Recognizing and Responding to Emergencies on the Trail

Hiking is an exhilarating way to explore the beauty of nature in the Adirondacks and beyond, but it’s not without its risks. Being prepared for emergencies is as crucial as having the right boots or a map. Knowing what to look out for and how to respond could save your life or someone else’s. Let’s talk about some common emergency situations hikers might face: hypothermia, heat stroke, heart attacks, and strokes.


What to Look Out For:

  • Uncontrollable shivering
  • Slurred speech
  • Clumsiness or lack of coordination
  • Fatigue or lethargy
  • Confusion or memory loss

What to Do:

  1. Move the person to a warm, sheltered area.
  2. Remove any wet clothing and replace it with dry, warm clothing.
  3. Insulate the person from the cold ground.
  4. Warm the center of their body first (chest, neck, head, and groin) using an extra layer of clothing, blankets, or body heat from another person.
  5. Provide warm beverages if the person is conscious and able to swallow; avoid alcohol or caffeine.

Heat Stroke

What to Look Out For:

  • High body temperature
  • Altered mental state or behavior
  • Alteration in sweating
  • Nausea and vomiting
  • Flushed skin
  • Rapid breathing
  • Racing heart rate
  • Headache

What to Do:

  1. Call for emergency help if possible.
  2. Move the person to a cooler environment or at least to shade.
  3. Remove excess clothing.
  4. Cool the person with whatever means available: soak their clothes with water, fan their body, apply cold packs or wet towels to the body, especially to the head, neck, armpits, and groin.

Heart Attack

What to Look Out For:

  • Chest pain or discomfort
  • Shortness of breath
  • Cold sweat
  • Nausea or lightheadedness
  • Discomfort or pain in the jaw, neck, back, arms, or shoulders

What to Do:

  1. Stop hiking immediately and rest.
  2. Call for emergency help if possible.
  3. Keep the person calm and lying down in a comfortable position.
  4. If the person has prescribed medication for heart conditions (like nitroglycerin), help them take it.
  5. If the person becomes unconscious and you are trained to do so, start CPR.


What to Look Out For: Remember the acronym F.A.S.T.:

  • Face drooping
  • Arm weakness
  • Speech difficulty
  • Time to call emergency services

What to Do:

  1. Call for emergency help immediately.
  2. Keep the person calm and safe; do not let them eat or drink.
  3. Note the time when the first symptoms appeared.
  4. If the person is unconscious and breathing, position them on their side to help keep their airway open.
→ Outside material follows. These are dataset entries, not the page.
(* Let $\mathcal O$ be a non-degenerate conic of $\mathrm{PG}(2,q^2)$ and $\bar L\in\ell_\infty$ a point not on $\mathcal O$. Then in $\mathrm{PG}(4,q^2)$ the extended spread line $[L]^\star$ is disjoint from $[\mathcal O]^\star=\mathcal Q_\infty^\star\cap\mathcal Q_0^\star$.
   Context: Bruck–Bose setting with coordinates: $\tau$ primitive in $\mathbb F_{q^2}$ with minimal polynomial $x^2-t_1x-t_0$ over $\mathbb F_q$; $\ell_\infty: z=0$ in $\mathrm{PG}(2,q^2)$; $\Sigma_\infty: z=0$ in $\mathrm{PG}(4,q)$ with coordinates $(x_0,x_1,y_0,y_1,z)$. The affine point $(x_0+x_1\tau,y_0+y_1\tau,z)$ maps to $(x_0,x_1,y_0,y_1,z)$, and $\bar T=(\delta,1,0)\in\ell_\infty$, $\delta=d_0+d_1\tau$, to the spread line $[T]=\langle(d_0,d_1,1,0,0),(t_0d_1,d_0+t_1d_1,0,1,0)\rangle$ (and $(1,0,0)$ to $\langle(1,0,0,0,0),(0,1,0,0,0)\rangle$). If $\mathcal O$ has equation $f(x,y,z)=0$, substituting $x=x_0+x_1\tau$, $y=y_0+y_1\tau$ and reducing with $\tau^2=t_1\tau+t_0$ gives $f=f_\infty+\tau f_0$ with $f_\infty,f_0$ homogeneous quadratics over $\mathbb F_q$; $\mathcal Q_\infty,\mathcal Q_0$ are the quadrics $f_\infty=0$, $f_0=0$ of $\mathrm{PG}(4,q)$, and $\mathcal V^\star$ denotes the set of points of $\mathrm{PG}(4,q^2)$ satisfying the equations defining $\mathcal V$ (for a line, its extension to a line of $\mathrm{PG}(4,q^2)$). *)

theory Defs
  imports Main
begin
text \<open>In matrix notation: \<open>tr(T B T A) = tr((T A T) (T B T))\<close>, where the entries of \<open>T A T\<close>
  are the values of the bilinear form of \<open>A\<close> on the columns of \<open>T\<close>.\<close>

lemma trace_sym_idem_columns:
  assumes T: "sym_idem d T" and A_sym: "\<And>l m. l < d \<Longrightarrow> m < d \<Longrightarrow> A l m = A m l"
  shows "(\<Sum>l<d. \<Sum>m<d. (\<Sum>r<d. T l r * B r m) * (\<Sum>s<d. T m s * A s l))
    = (\<Sum>k<d. \<Sum>k'<d. bilinear_form d A (\<lambda>l. T l k) (\<lambda>l. T l k') * bilinear_form d B (\<lambda>l. T l k) (\<lambda>l. T l k'))"
proof -
  have T_sym: "T l m = T m l" if "l < d" "m < d" for l m using T that unfolding sym_idem_def by blast
  define F where "F = (\<Sum>x<d. \<Sum>y<d. \<Sum>p<d. \<Sum>q<d. A x y * B p q * (T x p * T y q))"
  have "(\<Sum>l<d. \<Sum>m<d. (\<Sum>r<d. T l r * B r m) * (\<Sum>s<d. T m s * A s l))
      = (\<Sum>l<d. \<Sum>m<d. \<Sum>r<d. \<Sum>s<d. A l s * B r m * (T l r * T s m))"
    unfolding sum_product using A_sym T_sym by (intro sum.cong refl) (simp add: mult_ac)
  also have "\<dots> = (\<Sum>l<d. \<Sum>m<d. \<Sum>s<d. \<Sum>r<d. A l s * B r m * (T l r * T s m))"
    by (intro sum.cong refl sum.swap)
  also have "\<dots> = (\<Sum>l<d. \<Sum>s<d. \<Sum>m<d. \<Sum>r<d. A l s * B r m * (T l r * T s m))"
    by (intro sum.cong refl sum.swap)
  also have "\<dots> = (\<Sum>l<d. \<Sum>s<d. \<Sum>r<d. \<Sum>m<d. A l s * B r m * (T l r * T s m))"
    by (intro sum.cong refl sum.swap)
  also have "\<dots> = F" unfolding F_def ..
  finally have lhs: "(\<Sum>l<d. \<Sum>m<d. (\<Sum>r<d. T l r * B r m) * (\<Sum>s<d. T m s * A s l)) = F" .
  have "(\<Sum>k<d. \<Sum>k'<d. bilinear_form d A (\<lambda>l. T l k) (\<lambda>l. T l k') * bilinear_form d B (\<lambda>l. T l k) (\<lambda>l. T l k'))
      = (\<Sum>k<d. \<Sum>k'<d. \<Sum>x<d. \<Sum>y<d. \<Sum>p<d. \<Sum>q<d. A x y * B p q * ((T x k * T p k) * (T y k' * T q k')))"
    unfolding bilinear_form_def sum_distrib_right unfolding sum_distrib_left
    by (intro sum.cong refl) (simp add: mult_ac)
  also have "\<dots> = (\<Sum>x<d. \<Sum>y<d. \<Sum>p<d. \<Sum>q<d. \<Sum>k<d. \<Sum>k'<d. A x y * B p q * ((T x k * T p k) * (T y k' * T q k')))"
    by (subst sum_swap_pairs) (intro sum.cong refl sum_swap_pairs)
  also have "\<dots> = F"
    unfolding F_def
  proof (intro sum.cong refl)
    fix x y p q assume "x \<in> {..<d}" "y \<in> {..<d}" "p \<in> {..<d}" "q \<in> {..<d}"
    have "(\<Sum>k<d. \<Sum>k'<d. A x y * B p q * ((T x k * T p k) * (T y k' * T q k')))
        = A x y * B p q * ((\<Sum>k<d. T x k * T p k) * (\<Sum>k'<d. T y k' * T q k'))"
      unfolding sum_product by (simp only: sum_distrib_left)
    also have "\<dots> = A x y * B p q * (T x p * T y q)"
      using sym_idem_columns_inner[OF T] \<open>x \<in> {..<d}\<close> \<open>y \<in> {..<d}\<close> \<open>p \<in> {..<d}\<close> \<open>q \<in> {..<d}\<close> by simp
    finally show "(\<Sum>k<d. \<Sum>k'<d. A x y * B p q * ((T x k * T p k) * (T y k' * T q k'))) = A x y * B p q * (T x p * T y q)" .
  qed
  finally show ?thesis using lhs by simp
qed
If they are not breathing, begin CPR if you’re trained.

In any emergency, after ensuring the safety of yourself and the person affected, seek professional medical help as soon as possible. Preparation is key, so consider taking a wilderness first aid course to better equip yourself for handling such situations. Always let someone know your hiking plan and expected return time, and carry a charged phone or a satellite communication device when venturing into remote areas.

Remember, the wilderness is unpredictable, but knowledge and preparation can make all the difference. Stay safe out there.